INSTRUCTIONS TO FOLLOW ->
In the material below, find the line with "(sin x)\<^sup>2)\<^sup>2 +" and the line with "(\<forall>i<length As. card", then output those two lines and every line between them, exactly.

______________________________

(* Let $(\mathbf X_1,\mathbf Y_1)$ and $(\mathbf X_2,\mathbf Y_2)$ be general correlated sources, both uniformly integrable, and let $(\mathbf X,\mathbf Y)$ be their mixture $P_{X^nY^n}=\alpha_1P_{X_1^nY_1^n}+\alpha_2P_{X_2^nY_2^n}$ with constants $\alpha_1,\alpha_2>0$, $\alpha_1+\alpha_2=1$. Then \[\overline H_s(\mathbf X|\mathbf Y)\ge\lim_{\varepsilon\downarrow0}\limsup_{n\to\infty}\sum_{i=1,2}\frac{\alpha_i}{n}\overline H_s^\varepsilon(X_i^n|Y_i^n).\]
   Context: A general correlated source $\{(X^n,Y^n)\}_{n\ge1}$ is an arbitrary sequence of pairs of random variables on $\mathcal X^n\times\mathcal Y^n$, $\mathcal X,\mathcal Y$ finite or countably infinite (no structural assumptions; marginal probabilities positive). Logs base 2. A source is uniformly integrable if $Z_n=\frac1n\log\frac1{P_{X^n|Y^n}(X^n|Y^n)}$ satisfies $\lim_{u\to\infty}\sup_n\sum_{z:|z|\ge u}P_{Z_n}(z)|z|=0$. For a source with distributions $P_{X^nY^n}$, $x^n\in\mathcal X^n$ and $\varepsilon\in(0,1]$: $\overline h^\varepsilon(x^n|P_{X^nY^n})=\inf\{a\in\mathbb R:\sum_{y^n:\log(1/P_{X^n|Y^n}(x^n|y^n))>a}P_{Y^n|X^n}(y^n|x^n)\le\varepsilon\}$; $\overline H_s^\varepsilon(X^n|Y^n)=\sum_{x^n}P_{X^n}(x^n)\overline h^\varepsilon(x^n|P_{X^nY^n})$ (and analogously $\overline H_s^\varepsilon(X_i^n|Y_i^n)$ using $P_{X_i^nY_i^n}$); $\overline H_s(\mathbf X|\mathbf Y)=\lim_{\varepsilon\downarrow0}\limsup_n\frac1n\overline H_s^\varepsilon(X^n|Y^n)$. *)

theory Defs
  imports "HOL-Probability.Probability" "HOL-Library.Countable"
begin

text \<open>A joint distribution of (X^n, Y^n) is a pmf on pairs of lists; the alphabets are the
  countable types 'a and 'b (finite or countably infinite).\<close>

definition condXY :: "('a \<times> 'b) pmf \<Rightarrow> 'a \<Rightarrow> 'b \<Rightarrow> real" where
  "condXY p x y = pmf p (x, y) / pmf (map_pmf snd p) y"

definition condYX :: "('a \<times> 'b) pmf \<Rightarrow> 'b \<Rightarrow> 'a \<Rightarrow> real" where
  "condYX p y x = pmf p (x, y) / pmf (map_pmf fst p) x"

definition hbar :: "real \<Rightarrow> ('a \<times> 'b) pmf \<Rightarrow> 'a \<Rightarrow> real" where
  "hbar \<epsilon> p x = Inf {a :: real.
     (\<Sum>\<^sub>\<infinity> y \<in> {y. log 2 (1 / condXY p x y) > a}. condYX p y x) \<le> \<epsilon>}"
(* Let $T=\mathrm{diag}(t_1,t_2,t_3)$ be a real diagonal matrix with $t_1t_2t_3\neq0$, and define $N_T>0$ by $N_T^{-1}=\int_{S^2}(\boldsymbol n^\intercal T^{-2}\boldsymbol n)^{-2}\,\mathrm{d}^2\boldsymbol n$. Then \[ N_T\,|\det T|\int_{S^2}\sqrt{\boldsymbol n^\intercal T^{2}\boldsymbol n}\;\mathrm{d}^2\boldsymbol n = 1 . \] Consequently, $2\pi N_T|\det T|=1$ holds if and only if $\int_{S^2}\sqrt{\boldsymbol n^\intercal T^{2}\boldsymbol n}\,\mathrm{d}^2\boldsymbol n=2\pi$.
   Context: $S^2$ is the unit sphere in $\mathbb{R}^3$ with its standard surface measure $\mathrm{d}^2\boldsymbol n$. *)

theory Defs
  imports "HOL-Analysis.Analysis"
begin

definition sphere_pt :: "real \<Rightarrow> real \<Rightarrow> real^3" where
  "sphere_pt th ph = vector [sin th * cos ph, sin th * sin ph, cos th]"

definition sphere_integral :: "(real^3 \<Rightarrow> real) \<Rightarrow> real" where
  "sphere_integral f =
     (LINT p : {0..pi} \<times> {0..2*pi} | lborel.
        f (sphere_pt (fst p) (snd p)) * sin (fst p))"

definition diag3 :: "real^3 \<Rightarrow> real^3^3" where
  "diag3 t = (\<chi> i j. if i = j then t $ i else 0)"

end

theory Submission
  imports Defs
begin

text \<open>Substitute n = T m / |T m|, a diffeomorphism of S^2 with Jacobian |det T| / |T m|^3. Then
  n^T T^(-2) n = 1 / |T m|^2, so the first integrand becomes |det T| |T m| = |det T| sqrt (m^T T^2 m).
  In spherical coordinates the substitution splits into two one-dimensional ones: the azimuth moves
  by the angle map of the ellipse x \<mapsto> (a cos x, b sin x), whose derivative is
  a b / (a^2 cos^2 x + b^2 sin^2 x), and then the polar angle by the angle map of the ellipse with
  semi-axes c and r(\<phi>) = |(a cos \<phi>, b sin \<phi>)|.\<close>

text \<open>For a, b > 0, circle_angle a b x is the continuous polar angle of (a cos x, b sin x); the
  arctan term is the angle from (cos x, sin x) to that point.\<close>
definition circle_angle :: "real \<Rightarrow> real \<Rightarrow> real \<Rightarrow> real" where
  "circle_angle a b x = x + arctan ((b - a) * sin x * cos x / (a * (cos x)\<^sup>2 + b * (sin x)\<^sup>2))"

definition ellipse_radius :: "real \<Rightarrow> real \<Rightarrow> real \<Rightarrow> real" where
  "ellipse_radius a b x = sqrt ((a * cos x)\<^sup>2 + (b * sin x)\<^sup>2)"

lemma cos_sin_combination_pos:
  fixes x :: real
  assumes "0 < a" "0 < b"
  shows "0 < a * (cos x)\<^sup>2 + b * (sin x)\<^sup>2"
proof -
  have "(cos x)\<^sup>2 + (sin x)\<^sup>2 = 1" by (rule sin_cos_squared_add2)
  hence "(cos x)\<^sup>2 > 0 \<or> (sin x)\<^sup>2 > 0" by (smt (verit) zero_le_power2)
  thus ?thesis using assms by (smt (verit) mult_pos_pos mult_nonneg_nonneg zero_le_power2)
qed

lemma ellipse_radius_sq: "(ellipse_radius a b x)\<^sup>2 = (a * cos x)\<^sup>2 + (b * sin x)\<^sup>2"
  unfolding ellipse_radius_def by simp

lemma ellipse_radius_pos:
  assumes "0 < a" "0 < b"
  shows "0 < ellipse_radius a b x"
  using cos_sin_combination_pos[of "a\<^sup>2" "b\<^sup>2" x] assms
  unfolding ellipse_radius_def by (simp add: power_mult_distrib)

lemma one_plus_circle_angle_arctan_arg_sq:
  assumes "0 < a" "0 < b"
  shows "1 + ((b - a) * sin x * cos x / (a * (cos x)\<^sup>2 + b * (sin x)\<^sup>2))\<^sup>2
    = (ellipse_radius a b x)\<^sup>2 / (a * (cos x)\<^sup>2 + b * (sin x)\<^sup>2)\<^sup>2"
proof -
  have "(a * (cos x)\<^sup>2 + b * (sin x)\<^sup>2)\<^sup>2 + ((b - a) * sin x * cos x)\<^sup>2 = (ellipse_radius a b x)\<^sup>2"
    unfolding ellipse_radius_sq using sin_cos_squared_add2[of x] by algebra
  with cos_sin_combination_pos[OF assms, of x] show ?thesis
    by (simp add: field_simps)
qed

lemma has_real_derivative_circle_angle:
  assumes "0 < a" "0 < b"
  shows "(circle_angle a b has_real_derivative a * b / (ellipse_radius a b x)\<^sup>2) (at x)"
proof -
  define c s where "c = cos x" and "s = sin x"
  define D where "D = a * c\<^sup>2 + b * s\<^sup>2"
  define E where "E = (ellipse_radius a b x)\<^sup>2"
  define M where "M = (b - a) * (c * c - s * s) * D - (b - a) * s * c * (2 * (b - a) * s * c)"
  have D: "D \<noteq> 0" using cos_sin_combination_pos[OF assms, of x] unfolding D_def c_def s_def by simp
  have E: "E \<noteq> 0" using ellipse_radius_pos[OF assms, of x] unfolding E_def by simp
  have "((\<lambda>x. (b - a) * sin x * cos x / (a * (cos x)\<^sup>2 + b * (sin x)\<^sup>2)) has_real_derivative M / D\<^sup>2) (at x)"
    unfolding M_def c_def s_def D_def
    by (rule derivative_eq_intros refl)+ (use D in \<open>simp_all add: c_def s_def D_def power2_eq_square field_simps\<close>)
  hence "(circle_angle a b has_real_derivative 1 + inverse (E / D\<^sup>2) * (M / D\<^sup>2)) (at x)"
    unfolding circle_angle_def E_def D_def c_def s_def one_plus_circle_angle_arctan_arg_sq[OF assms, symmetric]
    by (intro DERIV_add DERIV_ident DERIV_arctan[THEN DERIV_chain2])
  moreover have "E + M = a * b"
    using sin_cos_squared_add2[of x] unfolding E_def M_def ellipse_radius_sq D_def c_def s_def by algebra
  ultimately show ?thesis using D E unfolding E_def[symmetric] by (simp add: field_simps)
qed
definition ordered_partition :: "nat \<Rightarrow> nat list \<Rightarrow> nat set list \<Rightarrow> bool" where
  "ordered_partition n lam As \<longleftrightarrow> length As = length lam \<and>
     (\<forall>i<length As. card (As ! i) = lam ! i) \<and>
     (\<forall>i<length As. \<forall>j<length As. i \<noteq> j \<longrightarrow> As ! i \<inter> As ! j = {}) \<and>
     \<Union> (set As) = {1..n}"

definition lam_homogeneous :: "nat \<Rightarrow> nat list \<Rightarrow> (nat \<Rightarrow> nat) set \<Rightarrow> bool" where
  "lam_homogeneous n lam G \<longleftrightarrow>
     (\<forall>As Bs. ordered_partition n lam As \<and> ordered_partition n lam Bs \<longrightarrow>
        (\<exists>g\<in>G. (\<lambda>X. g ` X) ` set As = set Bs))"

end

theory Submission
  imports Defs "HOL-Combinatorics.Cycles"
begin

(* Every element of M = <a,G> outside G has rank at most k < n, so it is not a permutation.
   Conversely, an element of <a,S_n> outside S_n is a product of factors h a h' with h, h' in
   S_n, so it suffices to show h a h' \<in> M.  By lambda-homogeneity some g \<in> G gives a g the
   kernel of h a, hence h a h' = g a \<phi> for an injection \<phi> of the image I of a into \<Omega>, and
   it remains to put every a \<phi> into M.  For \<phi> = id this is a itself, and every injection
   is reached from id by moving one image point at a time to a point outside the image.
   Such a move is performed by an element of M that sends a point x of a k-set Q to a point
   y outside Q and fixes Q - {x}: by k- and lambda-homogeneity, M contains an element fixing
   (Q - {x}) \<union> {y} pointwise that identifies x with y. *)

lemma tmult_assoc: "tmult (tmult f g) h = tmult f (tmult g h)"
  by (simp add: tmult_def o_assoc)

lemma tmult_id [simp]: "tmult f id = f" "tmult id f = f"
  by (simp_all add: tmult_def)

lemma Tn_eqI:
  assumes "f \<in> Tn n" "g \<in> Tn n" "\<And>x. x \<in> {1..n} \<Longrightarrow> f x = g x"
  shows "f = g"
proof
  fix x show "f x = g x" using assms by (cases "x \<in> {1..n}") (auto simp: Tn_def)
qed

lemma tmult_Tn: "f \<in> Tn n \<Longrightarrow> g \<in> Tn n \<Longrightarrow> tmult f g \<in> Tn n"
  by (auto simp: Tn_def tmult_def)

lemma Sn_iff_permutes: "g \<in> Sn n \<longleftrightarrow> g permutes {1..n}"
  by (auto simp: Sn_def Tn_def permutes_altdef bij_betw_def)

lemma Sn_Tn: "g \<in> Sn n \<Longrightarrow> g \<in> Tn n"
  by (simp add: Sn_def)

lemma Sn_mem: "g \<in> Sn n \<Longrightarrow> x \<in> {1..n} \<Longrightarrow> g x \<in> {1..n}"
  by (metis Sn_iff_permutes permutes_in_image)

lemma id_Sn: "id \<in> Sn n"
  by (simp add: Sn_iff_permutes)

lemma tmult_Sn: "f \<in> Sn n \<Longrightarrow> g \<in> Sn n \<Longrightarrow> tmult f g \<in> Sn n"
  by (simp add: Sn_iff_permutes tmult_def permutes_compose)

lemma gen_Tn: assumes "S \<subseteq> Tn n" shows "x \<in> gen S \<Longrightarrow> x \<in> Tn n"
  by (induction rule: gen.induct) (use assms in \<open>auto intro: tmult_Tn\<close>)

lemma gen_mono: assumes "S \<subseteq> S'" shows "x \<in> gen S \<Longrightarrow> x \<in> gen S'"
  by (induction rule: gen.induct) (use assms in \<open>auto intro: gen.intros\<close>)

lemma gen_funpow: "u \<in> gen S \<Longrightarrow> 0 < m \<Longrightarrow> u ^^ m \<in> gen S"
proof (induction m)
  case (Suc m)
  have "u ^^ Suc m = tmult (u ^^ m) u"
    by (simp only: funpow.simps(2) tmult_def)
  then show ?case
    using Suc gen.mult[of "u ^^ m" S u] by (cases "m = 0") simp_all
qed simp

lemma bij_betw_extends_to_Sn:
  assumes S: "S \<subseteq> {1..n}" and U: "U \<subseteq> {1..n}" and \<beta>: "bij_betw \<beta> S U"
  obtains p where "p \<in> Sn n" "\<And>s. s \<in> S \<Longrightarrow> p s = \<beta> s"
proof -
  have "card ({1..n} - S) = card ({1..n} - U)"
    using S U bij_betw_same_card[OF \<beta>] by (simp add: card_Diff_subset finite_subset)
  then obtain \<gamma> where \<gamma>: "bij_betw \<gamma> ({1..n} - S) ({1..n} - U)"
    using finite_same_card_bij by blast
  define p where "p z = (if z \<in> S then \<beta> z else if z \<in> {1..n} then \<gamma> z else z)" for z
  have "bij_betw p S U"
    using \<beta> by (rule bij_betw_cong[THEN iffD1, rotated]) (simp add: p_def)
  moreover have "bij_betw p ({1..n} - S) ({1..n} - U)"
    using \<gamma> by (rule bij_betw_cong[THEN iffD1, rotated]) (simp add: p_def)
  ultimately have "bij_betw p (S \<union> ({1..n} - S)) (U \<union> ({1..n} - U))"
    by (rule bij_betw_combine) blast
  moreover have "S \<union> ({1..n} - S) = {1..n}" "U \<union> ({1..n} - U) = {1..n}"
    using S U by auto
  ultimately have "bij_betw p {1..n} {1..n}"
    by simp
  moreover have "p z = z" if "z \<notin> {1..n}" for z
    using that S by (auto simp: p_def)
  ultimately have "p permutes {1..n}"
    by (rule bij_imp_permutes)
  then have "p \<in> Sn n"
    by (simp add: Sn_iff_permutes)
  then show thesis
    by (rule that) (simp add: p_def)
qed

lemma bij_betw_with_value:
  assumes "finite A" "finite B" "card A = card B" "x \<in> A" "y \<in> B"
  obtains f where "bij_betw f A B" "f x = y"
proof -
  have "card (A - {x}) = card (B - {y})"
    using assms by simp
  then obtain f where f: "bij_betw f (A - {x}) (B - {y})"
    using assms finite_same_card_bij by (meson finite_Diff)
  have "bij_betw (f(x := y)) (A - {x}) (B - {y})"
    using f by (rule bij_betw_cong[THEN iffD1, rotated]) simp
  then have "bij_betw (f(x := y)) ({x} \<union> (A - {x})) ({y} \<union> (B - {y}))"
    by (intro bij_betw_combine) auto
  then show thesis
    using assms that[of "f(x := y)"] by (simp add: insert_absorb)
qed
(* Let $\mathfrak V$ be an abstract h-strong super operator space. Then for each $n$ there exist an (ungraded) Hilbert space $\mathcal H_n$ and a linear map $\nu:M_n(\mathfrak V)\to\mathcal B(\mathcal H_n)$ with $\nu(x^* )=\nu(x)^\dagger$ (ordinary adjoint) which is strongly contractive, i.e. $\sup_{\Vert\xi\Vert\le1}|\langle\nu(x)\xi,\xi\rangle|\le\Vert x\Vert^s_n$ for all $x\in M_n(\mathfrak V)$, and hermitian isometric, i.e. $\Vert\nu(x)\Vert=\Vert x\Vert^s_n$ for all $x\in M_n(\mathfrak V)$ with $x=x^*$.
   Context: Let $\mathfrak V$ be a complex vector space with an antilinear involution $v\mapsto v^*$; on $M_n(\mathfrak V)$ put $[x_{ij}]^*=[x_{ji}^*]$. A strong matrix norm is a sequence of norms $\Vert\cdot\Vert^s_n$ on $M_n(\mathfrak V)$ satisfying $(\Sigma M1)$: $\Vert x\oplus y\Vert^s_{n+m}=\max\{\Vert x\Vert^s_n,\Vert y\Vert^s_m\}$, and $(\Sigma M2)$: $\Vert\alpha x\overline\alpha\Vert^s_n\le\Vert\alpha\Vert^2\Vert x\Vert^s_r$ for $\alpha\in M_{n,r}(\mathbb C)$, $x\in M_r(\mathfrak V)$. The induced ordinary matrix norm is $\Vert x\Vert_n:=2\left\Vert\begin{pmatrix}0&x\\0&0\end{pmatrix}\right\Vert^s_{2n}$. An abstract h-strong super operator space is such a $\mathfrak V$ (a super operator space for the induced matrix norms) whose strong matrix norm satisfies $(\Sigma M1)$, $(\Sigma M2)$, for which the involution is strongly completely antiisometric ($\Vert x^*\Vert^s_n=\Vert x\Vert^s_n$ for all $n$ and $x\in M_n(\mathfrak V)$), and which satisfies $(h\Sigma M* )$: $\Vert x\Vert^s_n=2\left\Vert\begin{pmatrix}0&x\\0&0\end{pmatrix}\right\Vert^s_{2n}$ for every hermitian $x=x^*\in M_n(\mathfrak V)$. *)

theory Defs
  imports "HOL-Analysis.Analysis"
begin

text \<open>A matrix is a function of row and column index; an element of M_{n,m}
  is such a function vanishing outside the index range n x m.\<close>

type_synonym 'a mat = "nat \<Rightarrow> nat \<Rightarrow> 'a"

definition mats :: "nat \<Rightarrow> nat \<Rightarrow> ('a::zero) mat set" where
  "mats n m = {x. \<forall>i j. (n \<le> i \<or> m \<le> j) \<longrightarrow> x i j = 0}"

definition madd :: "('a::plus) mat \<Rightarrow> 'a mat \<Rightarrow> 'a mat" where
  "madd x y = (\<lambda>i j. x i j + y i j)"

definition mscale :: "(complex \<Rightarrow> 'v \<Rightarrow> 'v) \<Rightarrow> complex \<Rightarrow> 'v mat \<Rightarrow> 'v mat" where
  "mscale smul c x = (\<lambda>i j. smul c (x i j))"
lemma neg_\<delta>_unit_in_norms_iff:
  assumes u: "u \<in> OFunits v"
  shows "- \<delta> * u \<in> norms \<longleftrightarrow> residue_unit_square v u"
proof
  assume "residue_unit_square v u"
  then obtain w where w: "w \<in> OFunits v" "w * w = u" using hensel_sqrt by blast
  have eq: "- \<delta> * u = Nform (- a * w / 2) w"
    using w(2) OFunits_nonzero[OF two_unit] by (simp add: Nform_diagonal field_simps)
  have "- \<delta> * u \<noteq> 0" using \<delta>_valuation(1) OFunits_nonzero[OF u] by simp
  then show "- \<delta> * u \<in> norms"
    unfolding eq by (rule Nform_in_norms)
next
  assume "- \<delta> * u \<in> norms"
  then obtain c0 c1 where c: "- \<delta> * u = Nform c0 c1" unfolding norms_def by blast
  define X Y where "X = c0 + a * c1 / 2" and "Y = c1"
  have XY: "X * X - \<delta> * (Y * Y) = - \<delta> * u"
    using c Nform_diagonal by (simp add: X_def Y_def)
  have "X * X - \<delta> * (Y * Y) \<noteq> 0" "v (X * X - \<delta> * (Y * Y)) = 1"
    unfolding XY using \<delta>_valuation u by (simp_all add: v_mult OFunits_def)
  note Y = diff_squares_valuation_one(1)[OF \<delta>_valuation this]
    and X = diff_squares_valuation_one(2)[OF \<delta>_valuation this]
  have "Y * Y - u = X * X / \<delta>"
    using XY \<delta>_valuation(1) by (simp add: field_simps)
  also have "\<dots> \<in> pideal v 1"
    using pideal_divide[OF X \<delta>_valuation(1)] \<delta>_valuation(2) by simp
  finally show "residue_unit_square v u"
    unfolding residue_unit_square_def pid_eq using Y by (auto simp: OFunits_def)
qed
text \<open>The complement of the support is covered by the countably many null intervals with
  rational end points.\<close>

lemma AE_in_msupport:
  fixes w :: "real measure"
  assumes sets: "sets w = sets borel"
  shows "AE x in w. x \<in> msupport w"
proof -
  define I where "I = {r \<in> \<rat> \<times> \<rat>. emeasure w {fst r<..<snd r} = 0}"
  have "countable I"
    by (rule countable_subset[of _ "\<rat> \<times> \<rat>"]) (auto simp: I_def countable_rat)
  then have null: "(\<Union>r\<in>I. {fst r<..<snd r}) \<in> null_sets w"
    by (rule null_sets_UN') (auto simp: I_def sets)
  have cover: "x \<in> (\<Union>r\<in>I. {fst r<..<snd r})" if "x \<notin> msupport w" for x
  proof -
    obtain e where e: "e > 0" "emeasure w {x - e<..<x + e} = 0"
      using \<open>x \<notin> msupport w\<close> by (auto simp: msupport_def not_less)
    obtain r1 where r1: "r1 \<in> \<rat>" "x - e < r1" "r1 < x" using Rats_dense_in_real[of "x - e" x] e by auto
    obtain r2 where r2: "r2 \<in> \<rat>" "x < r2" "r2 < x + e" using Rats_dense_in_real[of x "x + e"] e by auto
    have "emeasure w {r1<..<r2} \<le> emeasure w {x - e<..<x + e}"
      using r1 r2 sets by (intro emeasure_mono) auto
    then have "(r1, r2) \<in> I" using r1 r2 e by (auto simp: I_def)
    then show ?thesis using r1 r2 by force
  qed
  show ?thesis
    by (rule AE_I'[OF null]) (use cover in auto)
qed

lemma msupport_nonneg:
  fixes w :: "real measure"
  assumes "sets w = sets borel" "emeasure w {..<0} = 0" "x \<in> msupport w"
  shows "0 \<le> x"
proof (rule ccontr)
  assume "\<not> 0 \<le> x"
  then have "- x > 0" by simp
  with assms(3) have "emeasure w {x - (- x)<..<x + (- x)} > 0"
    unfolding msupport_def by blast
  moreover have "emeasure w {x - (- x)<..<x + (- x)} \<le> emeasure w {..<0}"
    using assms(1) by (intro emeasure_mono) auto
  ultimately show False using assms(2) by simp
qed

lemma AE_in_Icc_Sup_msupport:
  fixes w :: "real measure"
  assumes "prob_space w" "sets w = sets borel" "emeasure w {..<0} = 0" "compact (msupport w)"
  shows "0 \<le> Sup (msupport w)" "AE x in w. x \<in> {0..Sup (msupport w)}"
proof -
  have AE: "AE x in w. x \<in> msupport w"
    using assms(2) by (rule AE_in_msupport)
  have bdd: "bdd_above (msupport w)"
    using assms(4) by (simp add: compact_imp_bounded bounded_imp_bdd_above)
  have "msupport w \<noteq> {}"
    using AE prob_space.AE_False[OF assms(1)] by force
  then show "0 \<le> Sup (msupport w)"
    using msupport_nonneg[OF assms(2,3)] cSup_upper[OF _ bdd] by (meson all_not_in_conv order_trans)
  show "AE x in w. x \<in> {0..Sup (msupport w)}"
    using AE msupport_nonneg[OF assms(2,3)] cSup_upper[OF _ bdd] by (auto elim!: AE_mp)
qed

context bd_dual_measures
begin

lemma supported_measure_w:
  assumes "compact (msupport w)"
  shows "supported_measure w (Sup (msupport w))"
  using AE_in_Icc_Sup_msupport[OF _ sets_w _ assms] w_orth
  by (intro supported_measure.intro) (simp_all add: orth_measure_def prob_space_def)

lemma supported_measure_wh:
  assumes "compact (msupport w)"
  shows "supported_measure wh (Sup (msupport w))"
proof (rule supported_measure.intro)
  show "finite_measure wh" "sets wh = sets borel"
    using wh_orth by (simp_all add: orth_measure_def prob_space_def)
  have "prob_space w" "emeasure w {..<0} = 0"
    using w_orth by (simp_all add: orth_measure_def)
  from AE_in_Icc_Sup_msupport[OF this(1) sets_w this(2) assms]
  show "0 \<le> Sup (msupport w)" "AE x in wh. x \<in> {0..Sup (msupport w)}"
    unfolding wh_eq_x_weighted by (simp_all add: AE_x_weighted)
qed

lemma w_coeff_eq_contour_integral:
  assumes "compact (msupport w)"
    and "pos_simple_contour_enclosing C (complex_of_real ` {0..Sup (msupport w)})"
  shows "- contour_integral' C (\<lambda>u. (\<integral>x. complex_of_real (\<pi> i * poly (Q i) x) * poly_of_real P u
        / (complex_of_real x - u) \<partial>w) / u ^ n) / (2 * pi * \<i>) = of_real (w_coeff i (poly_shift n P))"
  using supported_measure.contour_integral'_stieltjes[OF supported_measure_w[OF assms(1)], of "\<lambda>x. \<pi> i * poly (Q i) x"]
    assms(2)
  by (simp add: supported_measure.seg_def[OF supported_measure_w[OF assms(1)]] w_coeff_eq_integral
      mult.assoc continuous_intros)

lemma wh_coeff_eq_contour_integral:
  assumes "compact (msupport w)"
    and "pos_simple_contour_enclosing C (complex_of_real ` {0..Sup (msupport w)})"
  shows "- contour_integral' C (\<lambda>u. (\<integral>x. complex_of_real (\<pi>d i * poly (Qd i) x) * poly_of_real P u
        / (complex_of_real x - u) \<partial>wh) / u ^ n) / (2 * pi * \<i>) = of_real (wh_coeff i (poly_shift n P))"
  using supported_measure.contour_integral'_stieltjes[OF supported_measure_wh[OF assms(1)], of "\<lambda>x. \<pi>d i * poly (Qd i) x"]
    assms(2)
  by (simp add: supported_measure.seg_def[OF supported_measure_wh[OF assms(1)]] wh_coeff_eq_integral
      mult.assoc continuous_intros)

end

______________________________

ANSWER FOR THIS EXERCISE ->
  have "(a * (cos x)\<^sup>2 + b * (sin x)\<^sup>2)\<^sup>2 + ((b - a) * sin x * cos x)\<^sup>2 = (ellipse_radius a b x)\<^sup>2"
    unfolding ellipse_radius_sq using sin_cos_squared_add2[of x] by algebra
  with cos_sin_combination_pos[OF assms, of x] show ?thesis
    by (simp add: field_simps)
qed

lemma has_real_derivative_circle_angle:
  assumes "0 < a" "0 < b"
  shows "(circle_angle a b has_real_derivative a * b / (ellipse_radius a b x)\<^sup>2) (at x)"
proof -
  define c s where "c = cos x" and "s = sin x"
  define D where "D = a * c\<^sup>2 + b * s\<^sup>2"
  define E where "E = (ellipse_radius a b x)\<^sup>2"
  define M where "M = (b - a) * (c * c - s * s) * D - (b - a) * s * c * (2 * (b - a) * s * c)"
  have D: "D \<noteq> 0" using cos_sin_combination_pos[OF assms, of x] unfolding D_def c_def s_def by simp
  have E: "E \<noteq> 0" using ellipse_radius_pos[OF assms, of x] unfolding E_def by simp
  have "((\<lambda>x. (b - a) * sin x * cos x / (a * (cos x)\<^sup>2 + b * (sin x)\<^sup>2)) has_real_derivative M / D\<^sup>2) (at x)"
    unfolding M_def c_def s_def D_def
    by (rule derivative_eq_intros refl)+ (use D in \<open>simp_all add: c_def s_def D_def power2_eq_square field_simps\<close>)
  hence "(circle_angle a b has_real_derivative 1 + inverse (E / D\<^sup>2) * (M / D\<^sup>2)) (at x)"
    unfolding circle_angle_def E_def D_def c_def s_def one_plus_circle_angle_arctan_arg_sq[OF assms, symmetric]
    by (intro DERIV_add DERIV_ident DERIV_arctan[THEN DERIV_chain2])
  moreover have "E + M = a * b"
    using sin_cos_squared_add2[of x] unfolding E_def M_def ellipse_radius_sq D_def c_def s_def by algebra
  ultimately show ?thesis using D E unfolding E_def[symmetric] by (simp add: field_simps)
qed
definition ordered_partition :: "nat \<Rightarrow> nat list \<Rightarrow> nat set list \<Rightarrow> bool" where
  "ordered_partition n lam As \<longleftrightarrow> length As = length lam \<and>
     (\<forall>i<length As. card (As ! i) = lam ! i) \<and>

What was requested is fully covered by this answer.